You have to remember that YouTube was really built on the back of one of our videos,” said Jeff Zucker to WSJ’s Kara Swisher. “Lazy Sunday from “Saturday Night Live” really is what built a lot of the value of YouTube.”

zucker the cavemanZucker,  president and chief executive of General Electric Co.’s NBC Universal, also oversees NBC and Telemundo broadcast networks, cable networks USA, the Sci-Fi Channel, MSNBC and others, movie studios and theme parks.

Other great Zuckerisms (mixed with some timeless technology quotes):

  • “Television is still paramount.”
  • “Whether we watch, consume content on a phone or online or wherever, the content first appears almost all the time on television.”
  • “There is no need for any individual to have a computer in their home” (okay, that one is actually Ken Olson, DEC Electronics).
  • “We’re in this transition period of figuring out how to deal with all the new technology that is out there, but television still proves to be the granddaddy of them all.”
  • “The Americans have need of the telephone, but we do not. We have plenty of messenger boys.” (alright that was Sir William Preece of the British Post Office).
  • “Advertisers have been clear. They don’t want their ads next to those cats on skateboards. That’s been the problem for YouTube in terms of generating revenue.”
  • “I think we’ve been actually ahead of most advertisers and most agencies.”
  • “The concept is interesting and well-formed, but in order to earn better than a ‘C’, the idea must be feasible.” mkay that was from a Yale University management professor responding to FedEx founder Fred Smith’s paper proposing reliable overnight delivery service.

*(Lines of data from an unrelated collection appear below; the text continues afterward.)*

text \<open>The swap step: a misfit w at position i is not mutually joined to phi (i-1) or phi (i+1),
  and a position j rejecting phi i has a neighbour not mutually joined to phi i; together at most
  8 (n - 1 - delta) < n - 5 positions are excluded.\<close>
lemma good_swap_exists:
  assumes bij: "bij_betw \<phi> {..<card V} V" and p: "p \<in> bad_positions E dir (card V) \<phi>"
  shows "\<exists>i j. p \<in> {i - 1, i} \<and> good_swap E dir (card V) \<phi> i j"
proof -
  let ?n = "card V"
  have inj: "inj_on \<phi> {..<?n}" and img: "\<And>k. k < ?n \<Longrightarrow> \<phi> k \<in> V"
    using bij by (auto simp: bij_betw_def)
  have distinct: "\<phi> a \<noteq> \<phi> b" if "a < ?n" "b < ?n" "a \<noteq> b" for a b
    using inj_onD[OF inj] that by blast
  have "V \<noteq> {}" using p img unfolding bad_positions_def by auto
  note bounds = semidegree_le_card[OF this]
  have "Suc p < ?n" "3 \<le> ?n" using p bounds(2) unfolding bad_positions_def by auto
  then obtain i where i: "1 \<le> i" "Suc i < ?n" "p \<in> {i - 1, i}"
    by (rule interior_position)
  obtain C where C: "finite C" "C \<subseteq> {j. 1 \<le> j \<and> Suc j < ?n \<and> (Suc i < j \<or> Suc j < i)}"
    and card_C: "?n - 5 \<le> card C"
    using interior_candidates[OF i(1,2)] by blast
  define M where "M = non_mutual E (V - {\<phi> (i - 1)}) (\<phi> (i - 1)) \<union>
                      non_mutual E (V - {\<phi> (Suc i)}) (\<phi> (Suc i))"
  define L where "L = non_mutual E (V - {\<phi> i}) (\<phi> i)"
  have at: "card (non_mutual E (V - {\<phi> k}) (\<phi> k)) \<le> 2 * (?n - 1 - \<delta>)" if "k < ?n" for k
    using card_non_mutual img that by blast
  have "i - 1 < ?n" "i < ?n" using i by auto
  then have "card M \<le> 4 * (?n - 1 - \<delta>)" and card_L: "card L \<le> 2 * (?n - 1 - \<delta>)"
    using at[OF \<open>i - 1 < ?n\<close>] at[OF i(2)] at[OF \<open>i < ?n\<close>]
      card_Un_le[of "non_mutual E (V - {\<phi> (i - 1)}) (\<phi> (i - 1))"
        "non_mutual E (V - {\<phi> (Suc i)}) (\<phi> (Suc i))"]
    unfolding M_def L_def by linarith+
  then have few: "card M + card L + card L < card C"
    using card_C bounds dense by linarith
  have here: "\<phi> j \<in> M" if "j \<in> C" "\<not> fits E dir \<phi> i (\<phi> j)" for j
  proof -
    have "j < ?n" "i - 1 < ?n" "j \<noteq> i - 1" "j \<noteq> Suc i" using that(1) C(2) i by auto
    then have "\<phi> j \<in> V - {\<phi> (i - 1)}" "\<phi> j \<in> V - {\<phi> (Suc i)}"
      using img[of j] distinct[of j "i - 1"] distinct[of j "Suc i"] i(2) by auto
    then show ?thesis using not_fits_non_mutual_neighbour[OF that(2)] unfolding M_def by simp
  qed
  have there: "\<phi> (j - 1) \<in> L \<or> \<phi> (Suc j) \<in> L" if "j \<in> C" "\<not> fits E dir \<phi> j (\<phi> i)" for j
  proof -
    have "Suc j < ?n" "i < ?n" "j - 1 \<noteq> i" "Suc j \<noteq> i" using that(1) C(2) i by auto
    then have "\<phi> (j - 1) \<in> V - {\<phi> i}" "\<phi> (Suc j) \<in> V - {\<phi> i}"
      using img[of "j - 1"] img[of "Suc j"] distinct[of "j - 1" i] distinct[of "Suc j" i] by auto
    then show ?thesis using not_fits_non_mutual[OF that(2)] unfolding L_def by simp
  qed
  have fin: "finite M" "finite L" using finite_V unfolding M_def L_def non_mutual_def by auto
  show ?thesis
    using good_swap_by_counting[OF inj i(1,2) C fin(1,2,2) here there few] i(3) by blast
qed

text \<open>Part (i) of the theorem: the invariant is bijectivity together with the two end vertices.\<close>
theorem hamilton_path_with_ends:
  assumes "x \<in> V" "y \<in> V" "x \<noteq> y"
  shows "\<exists>\<phi>. hamilton_copy (card V) dir V E \<phi> \<and> \<phi> 0 = x \<and> \<phi> (card V - 1) = y"
proof -
  let ?n = "card V"
  define P where "P \<phi> \<longleftrightarrow> bij_betw \<phi> {..<?n} V \<and> \<phi> 0 = x \<and> \<phi> (?n - 1) = y" for \<phi>
  have "?n > 0" using assms finite_V card_gt_0_iff by blast
  then have n: "Suc (?n - 1) = ?n" by simp
  obtain \<phi>\<^sub>0 where "P \<phi>\<^sub>0"
    using bij_with_ends[OF finite_V _ assms, of "?n - 1"] n unfolding P_def by auto
  moreover have "\<exists>i j. p \<in> {i - 1, i} \<and> good_swap E dir ?n \<phi> i j \<and> P (swap_at \<phi> i j)"
    if P: "P \<phi>" and bad: "p \<in> bad_positions E dir ?n \<phi>" for \<phi> p
  proof -
    obtain i j where ij: "p \<in> {i - 1, i}" "good_swap E dir ?n \<phi> i j"
      using good_swap_exists[of \<phi> p dir] P bad unfolding P_def by blast
    then have "i < ?n" "j < ?n" unfolding good_swap_def by auto
    then have "P (swap_at \<phi> i j)"
      using P bij_betw_swap_at[of \<phi> "{..<?n}" V i j] swap_at_fixes_ends[OF ij(2)]
      unfolding P_def by simp
    then show ?thesis using ij by blast
  qed
  ultimately obtain \<phi> where "P \<phi>" "bad_positions E dir ?n \<phi> = {}"
    using repair_by_swaps[where P = P] by metis
  then show ?thesis using hamilton_copy_if_no_bad_positions unfolding P_def by blast
qed
lemma young_field_if_field_holder:
  fixes A :: "real \<Rightarrow> 'a::real_normed_vector \<Rightarrow> 'a"
  assumes "field_holder T \<alpha> \<beta> lam A"
    and "0 < \<alpha>" "0 < \<beta>" "\<beta> < 1" "0 < lam" "\<beta> + lam \<le> 1" "1 < \<alpha> * (1 + \<beta>)"
  obtains C where "young_field T \<alpha> \<beta> lam C A"
proof -
  obtain C0 where C0: "\<forall>s t. 0 \<le> s \<and> s < t \<and> t \<le> T \<longrightarrow>
      norm (incr A s t 0) \<le> C0 * \<bar>t - s\<bar> powr \<alpha> \<and>
      (\<forall>R\<ge>1. \<forall>x y. x \<noteq> y \<and> norm x \<le> R \<and> norm y \<le> R \<longrightarrow>
        norm (incr A s t x - incr A s t y) \<le> C0 * \<bar>t - s\<bar> powr \<alpha> * R powr lam * norm (x - y) powr \<beta>)"
    using assms(1) unfolding field_holder_def by blast
  define C where "C = max C0 0"
  have C_ge: "C0 * c \<le> C * c" if "0 \<le> c" for c
    using that by (simp add: C_def mult_right_mono)
  have "young_field T \<alpha> \<beta> lam C A"
  proof unfold_locales
    fix s t assume st: "0 \<le> s" "s \<le> t" "t \<le> T"
    show "norm (incr A s t 0) \<le> C * (t - s) powr \<alpha>"
    proof (cases "s = t")
      case False
      then have "norm (incr A s t 0) \<le> C0 * (t - s) powr \<alpha>" using C0 st by auto
      moreover have "C0 * (t - s) powr \<alpha> \<le> C * (t - s) powr \<alpha>" by (rule C_ge) simp
      ultimately show ?thesis by linarith
    qed simp
  next
    fix s t R and x y :: 'a
    assume st: "0 \<le> s" "s \<le> t" "t \<le> T" and "1 \<le> R" "norm x \<le> R" "norm y \<le> R"
    show "norm (incr A s t x - incr A s t y) \<le> C * (t - s) powr \<alpha> * R powr lam * norm (x - y) powr \<beta>"
    proof (cases "s = t \<or> x = y")
      case False
      then have "norm (incr A s t x - incr A s t y) \<le> C0 * ((t - s) powr \<alpha> * R powr lam * norm (x - y) powr \<beta>)"
        using C0 st \<open>1 \<le> R\<close> \<open>norm x \<le> R\<close> \<open>norm y \<le> R\<close> by (auto simp: mult.assoc)
      moreover have "C0 * ((t - s) powr \<alpha> * R powr lam * norm (x - y) powr \<beta>)
          \<le> C * ((t - s) powr \<alpha> * R powr lam * norm (x - y) powr \<beta>)"
        by (rule C_ge) simp
      ultimately show ?thesis by (simp add: mult.assoc)
    qed (auto simp: C_def)
  qed (use assms in \<open>auto simp: C_def\<close>)
  then show ?thesis using that by blast
qed

theorem mainTheorem18:
  fixes T \<alpha> \<beta> lam \<gamma> :: real
    and A :: "real \<Rightarrow> 'a::{banach, second_countable_topology} \<Rightarrow> 'a"
    and \<Phi> \<Psi> :: "real \<Rightarrow> real \<Rightarrow> 'a \<Rightarrow> 'a"
    and x0 :: 'a
  assumes "T > 0"
    and "0 < \<alpha>" "\<alpha> < 1" "0 < \<beta>" "\<beta> < 1" "0 < lam" "lam \<le> 1"
    and "\<alpha> * (1 + \<beta>) > 1" "\<beta> + lam \<le> 1"
    and "field_holder T \<alpha> \<beta> lam A"
    and "is_flow T \<alpha> A \<Phi> \<Psi>"
    and "flow_locally_holder T \<gamma> \<Phi> \<Psi>"
    and "0 < \<gamma>" "\<gamma> < 1" "\<alpha> * \<gamma> * (1 + \<beta>) > 1"
  shows "\<exists>x. holder_path \<alpha> 0 T x \<and> yde_solution T A x0 x \<and>
           (\<forall>y. holder_path \<alpha> 0 T y \<and> yde_solution T A x0 y \<longrightarrow> (\<forall>t\<in>{0..T}. y t = x t))"
proof -
  obtain C where "young_field T \<alpha> \<beta> lam C A"
    using young_field_if_field_holder[OF assms(10,2,4,5,6,9,8)] by blast
  then interpret young_flow T \<alpha> \<beta> lam C A \<Phi> \<Psi>
    using \<open>is_flow T \<alpha> A \<Phi> \<Psi>\<close> by (simp add: young_flow_def young_flow_axioms_def)
  obtain h M where "young_flow_bounds T \<alpha> \<beta> lam C A \<Phi> \<Psi> h M"
    using exists_flow_bounds by blast
  then interpret young_flow_bounds T \<alpha> \<beta> lam C A \<Phi> \<Psi> h M .
  have "0 \<in> {0..T}" using \<open>T > 0\<close> by simp
  show ?thesis
  proof (intro exI conjI allI impI ballI)
    show "holder_path \<alpha> 0 T (\<lambda>t. \<Phi> 0 t x0)" using flow_hoelder[OF \<open>0 \<in> {0..T}\<close>] .
    show "yde_solution T A x0 (\<lambda>t. \<Phi> 0 t x0)"
      using flow_start[OF \<open>0 \<in> {0..T}\<close>] flow_solves[OF \<open>0 \<in> {0..T}\<close>] by (simp add: yde_solution_def)
  next
    fix y t assume "holder_path \<alpha> 0 T y \<and> yde_solution T A x0 y" "t \<in> {0..T}"
    then show "y t = \<Phi> 0 t x0" using solution_eq_flow[OF assms(13,15,12)] by blast
  qed
qed

end
(* Let $x,y,z\in[0,1]$ satisfy $2y=x+z$. Suppose that \[(1-\{x\})^2+(1-\{z\})^2-2(1-\{y\})^2<2\left(\frac{z-x}{2}\right)^2.\] Then $\min(x,z)<1/2\le y$.
   Context: For $x\in[0,1]$, $\{x\}:=x$ if $x<1/2$ and $\{x\}:=x-1/2$ if $x\ge 1/2$ (this is not the usual fractional part). *)

theory Defs
  imports Complex_Main
begin

definition hfrac :: "real \<Rightarrow> real" where
  "hfrac x = (if x < 1/2 then x else x - 1/2)"

end

theory Submission
  imports Defs
begin

text \<open>On each half of \<open>[0,1]\<close> the map \<open>t \<mapsto> (1 - {t})\<^sup>2\<close> is a translate of \<open>t\<^sup>2\<close>, whose second
  difference at a midpoint is exactly \<open>2((z - x)/2)\<^sup>2\<close>; so the strict inequality fails when
  \<open>x\<close>, \<open>y\<close>, \<open>z\<close> lie in the same half. If then \<open>y < 1/2\<close>, say \<open>x < 1/2 \<le> z\<close>, the extra \<open>1/2\<close> shift of the
  upper point increases the left-hand side by \<open>5/4 - z \<ge> 1/4\<close>, again contradicting it.\<close>

lemma midpoint_square_identity:
  fixes c x y z :: "'a::field_char_0"
  assumes "2 * y = x + z"
  shows "(c - x)^2 + (c - z)^2 - 2 * (c - y)^2 = 2 * ((z - x) / 2)^2"
proof -
  have y: "y = (x + z) / 2" using assms by (simp add: eq_divide_eq mult.commute)
  show ?thesis unfolding y by (simp add: power2_eq_square field_simps)
qed

lemma hfrac_midpoint_same_half:
  assumes "2 * y = x + z" and "x < 1/2 \<longleftrightarrow> y < 1/2" and "z < 1/2 \<longleftrightarrow> y < 1/2"
  shows "(1 - hfrac x)^2 + (1 - hfrac z)^2 - 2 * (1 - hfrac y)^2 = 2 * ((z - x) / 2)^2"
proof -
  define c :: real where "c = (if y < 1/2 then 1 else 3/2)"
  have "1 - hfrac t = c - t" if "t < 1/2 \<longleftrightarrow> y < 1/2" for t
    using that by (simp add: hfrac_def c_def)
  then show ?thesis
    using assms midpoint_square_identity[OF assms(1)] by simp
qed

lemma hfrac_midpoint_straddle:
  assumes "2 * y = x + z" and "x < 1/2" and "1/2 \<le> z" and "y < 1/2"
  shows "(1 - hfrac x)^2 + (1 - hfrac z)^2 - 2 * (1 - hfrac y)^2 = 2 * ((z - x) / 2)^2 + (5/4 - z)"
proof -
  have "(1 - x)^2 + (1 - z)^2 - 2 * (1 - y)^2 = 2 * ((z - x) / 2)^2"
    using midpoint_square_identity[OF assms(1)] .
  moreover have "(1 - (z - 1/2))^2 = (1 - z)^2 + (5/4 - z)"
    by (simp add: power2_eq_square field_simps)
  ultimately show ?thesis
    using assms by (simp add: hfrac_def)
qed

theorem lemma4p2:
  fixes x y z :: real
  assumes "x \<in> {0..1}" and "y \<in> {0..1}" and "z \<in> {0..1}"
    and "2 * y = x + z"
    and "(1 - hfrac x)^2 + (1 - hfrac z)^2 - 2 * (1 - hfrac y)^2 < 2 * ((z - x) / 2)^2"
  shows "min x z < 1/2 \<and> 1/2 \<le> y"
proof (rule ccontr)
  assume "\<not> ?thesis"
  then consider "x < 1/2 \<longleftrightarrow> y < 1/2" "z < 1/2 \<longleftrightarrow> y < 1/2"
    | "x < 1/2" "1/2 \<le> z" "y < 1/2" | "z < 1/2" "1/2 \<le> x" "y < 1/2"
    using assms(4) by linarith
  then show False
  proof cases
    case 1
    then show False using assms(5) hfrac_midpoint_same_half[OF assms(4)] by simp
  next
    case 2
    then show False using assms(3,5) hfrac_midpoint_straddle[OF assms(4)] by simp
  next
    case 3
    have "2 * y = z + x" using assms(4) by simp
    from hfrac_midpoint_straddle[OF this 3] have
      "(1 - hfrac x)^2 + (1 - hfrac z)^2 - 2 * (1 - hfrac y)^2 = 2 * ((z - x) / 2)^2 + (5/4 - x)"
      by (simp add: power2_eq_square algebra_simps)
    then show False using assms(1,5) by simp
  qed
qed

end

Now you try! What quote would you have written Zucker to help ensure he goes as viral as skateboarding cats?

20 thoughts on “Zuckerism: “YouTube Built on the Back of SNL””

  1. Another good quote from him: “Hi, I’m Jeff Zucker. I have no fucking clue what I am talking about and my network is in dead last. Wow, I just stepped in a puddle that was smarter than me.”

  2. “There’s absolutely no reason why what’s worked in media and advertising in the past shouldn’t continue to work in the future. It’s sticking to old, tried-and-true ideas that REALLY elicits progress.”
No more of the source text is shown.